• [What needs to be done]
Across all entries below, how many lines include "thus"? Answer with the number alone.
::: Data shown :::
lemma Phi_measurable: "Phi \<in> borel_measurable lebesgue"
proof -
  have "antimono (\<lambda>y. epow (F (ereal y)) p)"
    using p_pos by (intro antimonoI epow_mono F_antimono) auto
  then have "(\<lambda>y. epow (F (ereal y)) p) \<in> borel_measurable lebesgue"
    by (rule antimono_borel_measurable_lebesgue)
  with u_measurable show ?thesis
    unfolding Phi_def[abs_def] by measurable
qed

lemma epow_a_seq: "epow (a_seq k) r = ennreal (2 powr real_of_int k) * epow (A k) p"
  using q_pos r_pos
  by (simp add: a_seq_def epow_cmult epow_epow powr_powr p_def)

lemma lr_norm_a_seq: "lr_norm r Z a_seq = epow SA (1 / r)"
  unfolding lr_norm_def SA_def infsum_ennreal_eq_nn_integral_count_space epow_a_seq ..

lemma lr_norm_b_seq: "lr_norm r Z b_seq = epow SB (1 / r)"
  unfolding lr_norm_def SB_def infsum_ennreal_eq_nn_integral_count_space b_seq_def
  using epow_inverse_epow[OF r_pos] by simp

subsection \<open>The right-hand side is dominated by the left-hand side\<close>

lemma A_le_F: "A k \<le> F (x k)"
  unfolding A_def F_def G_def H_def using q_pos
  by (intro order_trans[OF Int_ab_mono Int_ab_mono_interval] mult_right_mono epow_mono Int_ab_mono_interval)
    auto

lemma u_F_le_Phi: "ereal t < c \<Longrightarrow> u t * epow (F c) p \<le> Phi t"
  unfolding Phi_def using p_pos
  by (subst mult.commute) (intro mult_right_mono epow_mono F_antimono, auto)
:::
::: Data shown :::
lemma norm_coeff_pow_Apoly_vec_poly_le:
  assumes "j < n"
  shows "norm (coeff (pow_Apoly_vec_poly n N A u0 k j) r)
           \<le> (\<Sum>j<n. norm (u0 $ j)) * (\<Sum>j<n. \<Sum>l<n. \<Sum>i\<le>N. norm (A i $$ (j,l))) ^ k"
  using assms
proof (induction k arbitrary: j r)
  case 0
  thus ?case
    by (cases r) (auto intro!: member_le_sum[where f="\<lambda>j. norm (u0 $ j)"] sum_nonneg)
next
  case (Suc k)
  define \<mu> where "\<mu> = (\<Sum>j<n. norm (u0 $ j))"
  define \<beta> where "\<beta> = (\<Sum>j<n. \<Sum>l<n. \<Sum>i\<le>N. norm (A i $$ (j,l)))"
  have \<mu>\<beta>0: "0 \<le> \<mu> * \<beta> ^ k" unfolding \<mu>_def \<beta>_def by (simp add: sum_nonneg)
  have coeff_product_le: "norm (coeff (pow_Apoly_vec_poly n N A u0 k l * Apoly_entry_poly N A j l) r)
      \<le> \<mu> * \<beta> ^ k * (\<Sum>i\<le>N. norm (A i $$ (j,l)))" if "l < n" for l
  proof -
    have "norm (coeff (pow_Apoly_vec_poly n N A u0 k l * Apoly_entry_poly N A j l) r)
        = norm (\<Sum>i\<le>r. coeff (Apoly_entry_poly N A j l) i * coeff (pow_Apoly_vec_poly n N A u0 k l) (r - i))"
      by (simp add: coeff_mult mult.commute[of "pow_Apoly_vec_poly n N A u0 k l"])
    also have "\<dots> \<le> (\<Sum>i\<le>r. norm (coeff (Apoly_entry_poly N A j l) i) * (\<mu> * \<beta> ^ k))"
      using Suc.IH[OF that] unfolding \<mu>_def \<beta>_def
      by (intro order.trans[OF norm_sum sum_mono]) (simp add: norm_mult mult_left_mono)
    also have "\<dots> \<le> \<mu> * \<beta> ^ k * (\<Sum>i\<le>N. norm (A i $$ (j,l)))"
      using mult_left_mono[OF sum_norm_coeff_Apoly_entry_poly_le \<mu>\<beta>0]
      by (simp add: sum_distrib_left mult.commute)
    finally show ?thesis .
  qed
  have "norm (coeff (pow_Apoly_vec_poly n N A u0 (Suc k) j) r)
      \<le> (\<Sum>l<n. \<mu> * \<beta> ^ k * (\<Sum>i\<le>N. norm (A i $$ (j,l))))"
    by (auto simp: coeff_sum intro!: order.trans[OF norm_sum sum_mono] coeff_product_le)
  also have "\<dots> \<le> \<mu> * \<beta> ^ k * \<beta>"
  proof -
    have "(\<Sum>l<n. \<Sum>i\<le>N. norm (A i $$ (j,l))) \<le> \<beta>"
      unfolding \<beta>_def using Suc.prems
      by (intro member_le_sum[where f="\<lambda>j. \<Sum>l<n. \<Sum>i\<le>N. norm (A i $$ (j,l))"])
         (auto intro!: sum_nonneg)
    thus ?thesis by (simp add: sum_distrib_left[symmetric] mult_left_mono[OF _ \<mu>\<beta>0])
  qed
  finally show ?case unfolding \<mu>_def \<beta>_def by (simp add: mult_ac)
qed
:::
• [Answer to this task]
2